Work instructions
Transcribe, word for word, every record in the data below.

Stored items
==============================

lemma card_f2_subspaces_off_hyperplane:
  fixes k :: nat
  assumes J: "finite J" and p: "p \<notin> J"
  defines "B \<equiv> {W \<in> f2_subspaces (insert p J) (Suc k). \<exists>w\<in>W. w p = 1}"
  shows "card B * 2 ^ k \<le> card (f2_subspaces J k) * 2 ^ card J"
proof -
  let ?slice0 = "\<lambda>W. {x \<in> W. x p = 0}" and ?slice1 = "\<lambda>W. {x \<in> W. x p = 1}"
  have finJ': "finite (insert p J)" using J by simp
  have slices: "card (?slice1 W) = 2 ^ k" "?slice0 W \<in> f2_subspaces J k" if WB: "W \<in> B" for W
  proof -
    obtain w where w: "w \<in> W" "w p = 1" and W: "f2_subspace (insert p J) W" "card W = 2 ^ Suc k"
      using WB by (auto simp: B_def f2_subspaces_def)
    have "card (?slice1 W) = card (?slice0 W)"
      unfolding f2_subspace_one_slice[OF W(1) w] by (simp add: card_image)
    moreover have "card W = 2 * card (?slice0 W)" using card_f2_subspace_split[OF finJ' W(1) w] .
    ultimately show "card (?slice1 W) = 2 ^ k" "?slice0 W \<in> f2_subspaces J k"
      using W f2_subspace_zero_slice by (auto simp: f2_subspaces_def)
  qed
  \<comment> \<open>Double counting of the pairs \<open>(W, w)\<close> with \<open>w \<in> W\<close> and \<open>w p = 1\<close>.\<close>
  define P where "P = Sigma B ?slice1"
  define \<phi> where "\<phi> = (\<lambda>(W :: (nat \<Rightarrow> bit) set, w :: nat \<Rightarrow> bit). (?slice0 W, w(p := 0)))"
  have "finite B" using finite_f2_subspaces[OF finJ'] by (auto simp: B_def)
  have "card B * 2 ^ k = (\<Sum>W\<in>B. card (?slice1 W))" using slices(1) by simp
  also have "\<dots> = card P"
    unfolding P_def using \<open>finite B\<close> slices(1) by (intro card_SigmaI[symmetric]) (auto intro: card_ge_0_finite)
  also have "\<dots> = card (\<phi> ` P)"
    unfolding \<phi>_def by (rule card_image[symmetric], rule inj_on_subset[OF f2_subspace_pair_inj])
      (auto simp: P_def B_def f2_subspaces_def)
  also have "\<dots> \<le> card (f2_subspaces J k \<times> vecs_on J)"
  proof (rule card_mono)
    show "finite (f2_subspaces J k \<times> vecs_on J)" using finite_f2_subspaces[OF J] finite_vecs_on(1)[OF J] by simp
    show "\<phi> ` P \<subseteq> f2_subspaces J k \<times> vecs_on J"
    proof
      fix Z assume "Z \<in> \<phi> ` P"
      then obtain W w where Z: "Z = \<phi> (W, w)" and "W \<in> B" "w \<in> ?slice1 W" by (auto simp: P_def)
      then have "w \<in> vecs_on (insert p J)" by (auto simp: B_def f2_subspaces_def f2_subspace_def)
      then have "w(p := 0) \<in> vecs_on J" by (simp add: vecs_on_def)
      then show "Z \<in> f2_subspaces J k \<times> vecs_on J" using slices(2)[OF \<open>W \<in> B\<close>] by (simp add: Z \<phi>_def)
    qed
  qed
  also have "\<dots> \<le> card (f2_subspaces J k) * 2 ^ card J"
    using finite_vecs_on(2)[OF J] by (simp add: card_cartesian_product)
  finally show ?thesis .
qed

==============================

Exercise result
lemma card_f2_subspaces_off_hyperplane:
  fixes k :: nat
  assumes J: "finite J" and p: "p \<notin> J"
  defines "B \<equiv> {W \<in> f2_subspaces (insert p J) (Suc k). \<exists>w\<in>W. w p = 1}"
  shows "card B * 2 ^ k \<le> card (f2_subspaces J k) * 2 ^ card J"
proof -
  let ?slice0 = "\<lambda>W. {x \<in> W. x p = 0}" and ?slice1 = "\<lambda>W. {x \<in> W. x p = 1}"
  have finJ': "finite (insert p J)" using J by simp
  have slices: "card (?slice1 W) = 2 ^ k" "?slice0 W \<in> f2_subspaces J k" if WB: "W \<in> B" for W
  proof -
    obtain w where w: "w \<in> W" "w p = 1" and W: "f2_subspace (insert p J) W" "card W = 2 ^ Suc k"
      using WB by (auto simp: B_def f2_subspaces_def)
    have "card (?slice1 W) = card (?slice0 W)"
      unfolding f2_subspace_one_slice[OF W(1) w] by (simp add: card_image)
    moreover have "card W = 2 * card (?slice0 W)" using card_f2_subspace_split[OF finJ' W(1) w] .
    ultimately show "card (?slice1 W) = 2 ^ k" "?slice0 W \<in> f2_subspaces J k"
      using W f2_subspace_zero_slice by (auto simp: f2_subspaces_def)
  qed
  \<comment> \<open>Double counting of the pairs \<open>(W, w)\<close> with \<open>w \<in> W\<close> and \<open>w p = 1\<close>.\<close>
  define P where "P = Sigma B ?slice1"
  define \<phi> where "\<phi> = (\<lambda>(W :: (nat \<Rightarrow> bit) set, w :: nat \<Rightarrow> bit). (?slice0 W, w(p := 0)))"
  have "finite B" using finite_f2_subspaces[OF finJ'] by (auto simp: B_def)
  have "card B * 2 ^ k = (\<Sum>W\<in>B. card (?slice1 W))" using slices(1) by simp
  also have "\<dots> = card P"
    unfolding P_def using \<open>finite B\<close> slices(1) by (intro card_SigmaI[symmetric]) (auto intro: card_ge_0_finite)
  also have "\<dots> = card (\<phi> ` P)"
    unfolding \<phi>_def by (rule card_image[symmetric], rule inj_on_subset[OF f2_subspace_pair_inj])
      (auto simp: P_def B_def f2_subspaces_def)
  also have "\<dots> \<le> card (f2_subspaces J k \<times> vecs_on J)"
  proof (rule card_mono)
    show "finite (f2_subspaces J k \<times> vecs_on J)" using finite_f2_subspaces[OF J] finite_vecs_on(1)[OF J] by simp
    show "\<phi> ` P \<subseteq> f2_subspaces J k \<times> vecs_on J"
    proof
      fix Z assume "Z \<in> \<phi> ` P"
      then obtain W w where Z: "Z = \<phi> (W, w)" and "W \<in> B" "w \<in> ?slice1 W" by (auto simp: P_def)
      then have "w \<in> vecs_on (insert p J)" by (auto simp: B_def f2_subspaces_def f2_subspace_def)
      then have "w(p := 0) \<in> vecs_on J" by (simp add: vecs_on_def)
      then show "Z \<in> f2_subspaces J k \<times> vecs_on J" using slices(2)[OF \<open>W \<in> B\<close>] by (simp add: Z \<phi>_def)
    qed
  qed
  also have "\<dots> \<le> card (f2_subspaces J k) * 2 ^ card J"
    using finite_vecs_on(2)[OF J] by (simp add: card_cartesian_product)
  finally show ?thesis .
qed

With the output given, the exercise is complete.